New Jersey State Parks
The great outdoors of New Jersey beckons with 50 state parks offering an array of activities that get you exploring the land and water any time of year. Below are select parks and activities ready for you to discover.
Liberty State Park in the Gateway Region may best be known for its ferry service to the Statue of Liberty and Ellis Island and as home to the Liberty Science Center, but the park also offers recreational opportunities.
There are miles of walkways, including a two-mile promenade with an amazing view of the Hudson River, that are ideal for walking, jogging, biking or rollerblading. Kayak tours if you want to explore its waters offer background on the local wildlife and habitats.
New Jersey’s first state park, Swartswood State Park in the Skylands Region was established in 1914. Little Swartswood and Swartswood Lake are the center of activity within this park, with sailing a big part of the fun in the warmer months.
The lakes also provide for fishing most of the year from the shore or by boat.
In the Delaware River Region, Parvin State Park is home to pine forests and swamp hardwood forest. Fishing and boating can be done on Thundergust Lake, Parvin Lake and Muddy Run are good spots for seasonal swimming.
Stay overnight with a choice of 56 tent and trailer campsites plus there are 18 cabins available near Thundergust lake.
Eight self-guided trails take visitors through nine plant communities of a barrier island at Island Beach State Park in the Shore Region.
The park has 10 miles of white sand beach that attracts swimmers, fishermen and surfers. In Barnegat Bay, naturalist-guided canoe and kayak tours in the summer are made for birding enthusiasts.
Wharton State Forest in the Greater Atlantic City Region combines history and outdoor beauty plus it's the largest single tract of land within the New Jersey State Park System.
Walk through Batsto Village, the site of a former bog iron and glass making industrial center dating from 1766 to 1867.
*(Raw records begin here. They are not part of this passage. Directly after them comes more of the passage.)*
definition admissible :: "(nat \<Rightarrow> real) \<Rightarrow> bool" where
  "admissible b \<longleftrightarrow>
     infinite (supp_seq b) \<and>
     (\<forall>m\<in>supp_seq b. \<forall>n\<in>supp_seq b. m * n \<in> supp_seq b) \<and>
     (\<exists>p\<in>supp_seq b - {1}. \<exists>q\<in>supp_seq b - {1}. coprime p q)"

definition half_plane :: "real \<Rightarrow> complex set" where
  "half_plane \<rho> = {s. Re s > \<rho>}"

definition tw_term :: "(nat \<Rightarrow> real) \<Rightarrow> real \<Rightarrow> complex \<Rightarrow> nat \<Rightarrow> complex" where
  "tw_term b \<beta> s n =
     (if n \<in> supp_seq b
      then of_nat n powr (\<i> * of_real \<beta>) * of_real (b n) * of_nat n powr (- s)
      else 0)"

definition tw_series :: "(nat \<Rightarrow> real) \<Rightarrow> real \<Rightarrow> complex \<Rightarrow> complex" where
  "tw_series b \<beta> s = (\<Sum>n. tw_term b \<beta> s n)"

end

theory Submission
  imports Defs
begin

text \<open>Each \<open>f_\<beta>\<close> is a Dirichlet series converging on \<open>H_\<rho>\<close>, hence holomorphic there
  (by Abel summation the series converges locally uniformly). If \<open>\<Sum>\<beta>\<in>B. c_\<beta> f_\<beta>\<close> vanishes on
  \<open>H_\<rho>\<close>, it is the Dirichlet series with coefficients \<open>b_n \<Sum>\<beta>\<in>B. c_\<beta> n^(i\<beta>)\<close>, so by uniqueness
  of Dirichlet coefficients \<open>\<Sum>\<beta>\<in>B. c_\<beta> n^(i\<beta>) = 0\<close> for every \<open>n\<close> in the support. On the
  multiplicatively closed support the maps \<open>n \<mapsto> n^(i\<beta>)\<close> are multiplicative and pairwise
  distinct, since \<open>p^(i\<theta>) = q^(i\<theta>) = 1\<close> for coprime \<open>p, q > 1\<close> would make \<open>log p / log q\<close>
  rational. Dedekind's argument for distinct characters then forces all \<open>c_\<beta>\<close> to vanish.\<close>

lemma summation_by_parts:
  fixes u g :: "nat \<Rightarrow> 'a::comm_ring_1"
  shows "(\<Sum>n<Suc N. u n * g n) =
    (\<Sum>k\<le>N. u k) * g (Suc N) + (\<Sum>n<Suc N. (\<Sum>k\<le>n. u k) * (g n - g (Suc n)))"
  by (induction N) (simp_all add: algebra_simps)

lemma sums_summation_by_parts:
  fixes u g :: "nat \<Rightarrow> 'a::{comm_ring_1, topological_monoid_add}"
  assumes "(\<lambda>n. (\<Sum>k\<le>n. u k) * (g n - g (Suc n))) sums S"
    and "(\<lambda>n. (\<Sum>k\<le>n. u k) * g (Suc n)) \<longlonglongrightarrow> 0"
  shows "(\<lambda>n. u n * g n) sums S"
proof -
  have "(\<lambda>N. \<Sum>n<Suc N. (\<Sum>k\<le>n. u k) * (g n - g (Suc n))) \<longlonglongrightarrow> S"
    using assms(1) unfolding sums_def by (rule LIMSEQ_Suc)
  with assms(2) have "(\<lambda>N. \<Sum>n<Suc N. u n * g n) \<longlonglongrightarrow> 0 + S"
    unfolding summation_by_parts[of u g] by (rule tendsto_add)
  then have "(\<lambda>N. \<Sum>n<Suc N. u n * g n) \<longlonglongrightarrow> S"
    by (simp only: add_0_left)
  then show ?thesis
    unfolding sums_def by (rule LIMSEQ_imp_Suc)
qed

lemma norm_of_nat_powr: "norm (of_nat n powr (w :: complex)) = real n powr Re w"
  by (subst norm_powr_real_powr) auto

lemma norm_nat_powr_diff_le:
  fixes w :: complex
  assumes "n \<ge> 1" "Re w > 0"
  shows "norm (of_nat n powr (- w) - of_nat (Suc n) powr (- w)) \<le> norm w * real n powr (- Re w - 1)"
proof -
  define S where "S = closed_segment (of_nat n :: complex) (of_nat (Suc n))"
  have S_real: "\<exists>t. z = of_real t \<and> t \<ge> real n" if "z \<in> S" for z
  proof -
    from that obtain v where v: "0 \<le> v" "v \<le> 1" "z = (1 - v) *\<^sub>R of_nat n + v *\<^sub>R of_nat (Suc n)"
      unfolding S_def closed_segment_def by auto
    then have "z = of_real (real n + v)"
      by (simp add: scaleR_conv_of_real algebra_simps)
    then show ?thesis
      using v by (intro exI[of _ "real n + v"]) auto
  qed
  have "norm (of_nat n powr (- w) - of_nat (Suc n) powr (- w))
      \<le> norm w * real n powr (- Re w - 1) * norm (of_nat n - of_nat (Suc n) :: complex)"
  proof (rule field_differentiable_bound[where f = "\<lambda>z. z powr (- w)" and f' = "\<lambda>z. - w * z powr (- w - 1)"])
    show "convex S" "of_nat n \<in> S" "of_nat (Suc n) \<in> S"
      unfolding S_def by auto
  next
    fix z assume "z \<in> S"
    then obtain t where t: "z = of_real t" "t \<ge> real n"
      using S_real by blast
    with assms have "t > 0" by simp
    then have "z \<notin> \<real>\<^sub>\<le>\<^sub>0"
      using t by (auto simp: complex_nonpos_Reals_iff)
    then show "((\<lambda>z. z powr (- w)) has_field_derivative - w * z powr (- w - 1)) (at z within S)"
      by (rule has_field_derivative_at_within[OF has_field_derivative_powr])
    have "norm (- w * z powr (- w - 1)) = norm w * t powr (- Re w - 1)"
      using t \<open>t > 0\<close> by (simp add: norm_mult norm_powr_real_powr)
    also have "\<dots> \<le> norm w * real n powr (- Re w - 1)"
      using t assms by (intro mult_left_mono powr_mono2') auto
    finally show "norm (- w * z powr (- w - 1)) \<le> norm w * real n powr (- Re w - 1)" .
  qed
  then show ?thesis
    by simp
qed

lemma holomorphic_on_suminf_local_bound:
  fixes f :: "nat \<Rightarrow> complex \<Rightarrow> complex"
  assumes "open S" and "\<And>n. f n holomorphic_on S"
    and "\<And>x. x \<in> S \<Longrightarrow> \<exists>d h. 0 < d \<and> summable h \<and> (\<forall>\<^sub>F n in sequentially. \<forall>y\<in>ball x d \<inter> S. norm (f n y) \<le> h n)"
  shows "(\<lambda>x. \<Sum>n. f n x) holomorphic_on S"
proof -
  have "\<And>n x. x \<in> S \<Longrightarrow> (f n has_field_derivative deriv (f n) x) (at x)"
    by (rule holomorphic_derivI[OF assms(2,1)])
  from series_and_derivative_comparison_local[OF assms(1) this assms(3)]
  obtain g g' where g: "\<And>x. x \<in> S \<Longrightarrow> (\<lambda>n. f n x) sums g x \<and> (g has_field_derivative g' x) (at x)"
    by blast
  then have "g holomorphic_on S"
    using assms(1) by (auto simp: holomorphic_on_open)
  moreover have "g x = (\<Sum>n. f n x)" if "x \<in> S" for x
    using sums_unique[OF conjunct1[OF g[OF that]]] .
  ultimately show ?thesis
    by (rule holomorphic_transform)
qed

lemma norm_nat_powr_diff_le_ball:
  fixes x y :: complex
  assumes "Re x > 0" and "y \<in> ball x (Re x / 2)" and "n \<ge> 1"
  shows "norm (of_nat n powr (- y) - of_nat (Suc n) powr (- y))
    \<le> (norm x + Re x / 2) * real n powr (- (Re x / 2) - 1)"
proof -
  have "norm (x - y) < Re x / 2"
    using assms(2) by (simp add: dist_norm)
  moreover have "Re x - Re y \<le> norm (x - y)"
    using complex_Re_le_cmod[of "x - y"] by simp
  ultimately have "Re y \<ge> Re x / 2" "norm y \<le> norm x + Re x / 2"
    using norm_triangle_sub[of y x] by (auto simp: norm_minus_commute)
  have "norm (of_nat n powr (- y) - of_nat (Suc n) powr (- y)) \<le> norm y * real n powr (- Re y - 1)"
    using assms \<open>Re y \<ge> Re x / 2\<close> by (intro norm_nat_powr_diff_le) auto
  also have "\<dots> \<le> (norm x + Re x / 2) * real n powr (- (Re x / 2) - 1)"
    using assms \<open>Re y \<ge> Re x / 2\<close> \<open>norm y \<le> norm x + Re x / 2\<close>
    by (intro mult_mono powr_mono) auto
  finally show ?thesis .
qed

lemma eventually_norm_by_parts_term_le:
  fixes U :: "nat \<Rightarrow> complex"
  assumes M: "\<And>n. norm (U n) \<le> M" and "Re x > 0"
  shows "\<forall>\<^sub>F n in sequentially. \<forall>y\<in>ball x (Re x / 2).
    norm (U n * (of_nat n powr (- y) - of_nat (Suc n) powr (- y)))
      \<le> M * ((norm x + Re x / 2) * real n powr (- (Re x / 2) - 1))"
  using eventually_ge_at_top[of 1]
proof eventually_elim
  case (elim n)
  show ?case
  proof
    fix y assume "y \<in> ball x (Re x / 2)"
    from norm_nat_powr_diff_le_ball[OF assms(2) this elim]
    show "norm (U n * (of_nat n powr (- y) - of_nat (Suc n) powr (- y)))
        \<le> M * ((norm x + Re x / 2) * real n powr (- (Re x / 2) - 1))"
      unfolding norm_mult by (rule mult_mono[OF M _ order.trans[OF norm_ge_zero M] norm_ge_zero])
  qed
qed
This Pine Barrens village has 33 historic buildings and structures. The park is also the place for canoeing on the Mullica, Batsto, Wading and Oswego rivers plus there are a choice of trails for hiking, mountain biking and horseback riding.
Wildlife observation near its many lakes, ponds and fields can also be enjoyed.
One of the most popular spots in North America for viewing the fall hawk migration is Cape May Point State Park in the Southern Shore Region. The park is home to the Cape May Lighthouse that was built in 1859.
And the park has Fire Control Tower No. 23. It's New Jersey's last remaining restored World War II tower, part of the immense Harbor Defense of the Delaware system known as Fort Miles.
In the spring, many sea and shore birds and songbirds migrate through and the end of summer belongs to dragonfly and monarch butterfly migration. Any time you visit the park, however, you can spot many species of birds in the natural areas. And for hikers there are several trails through varied habitats.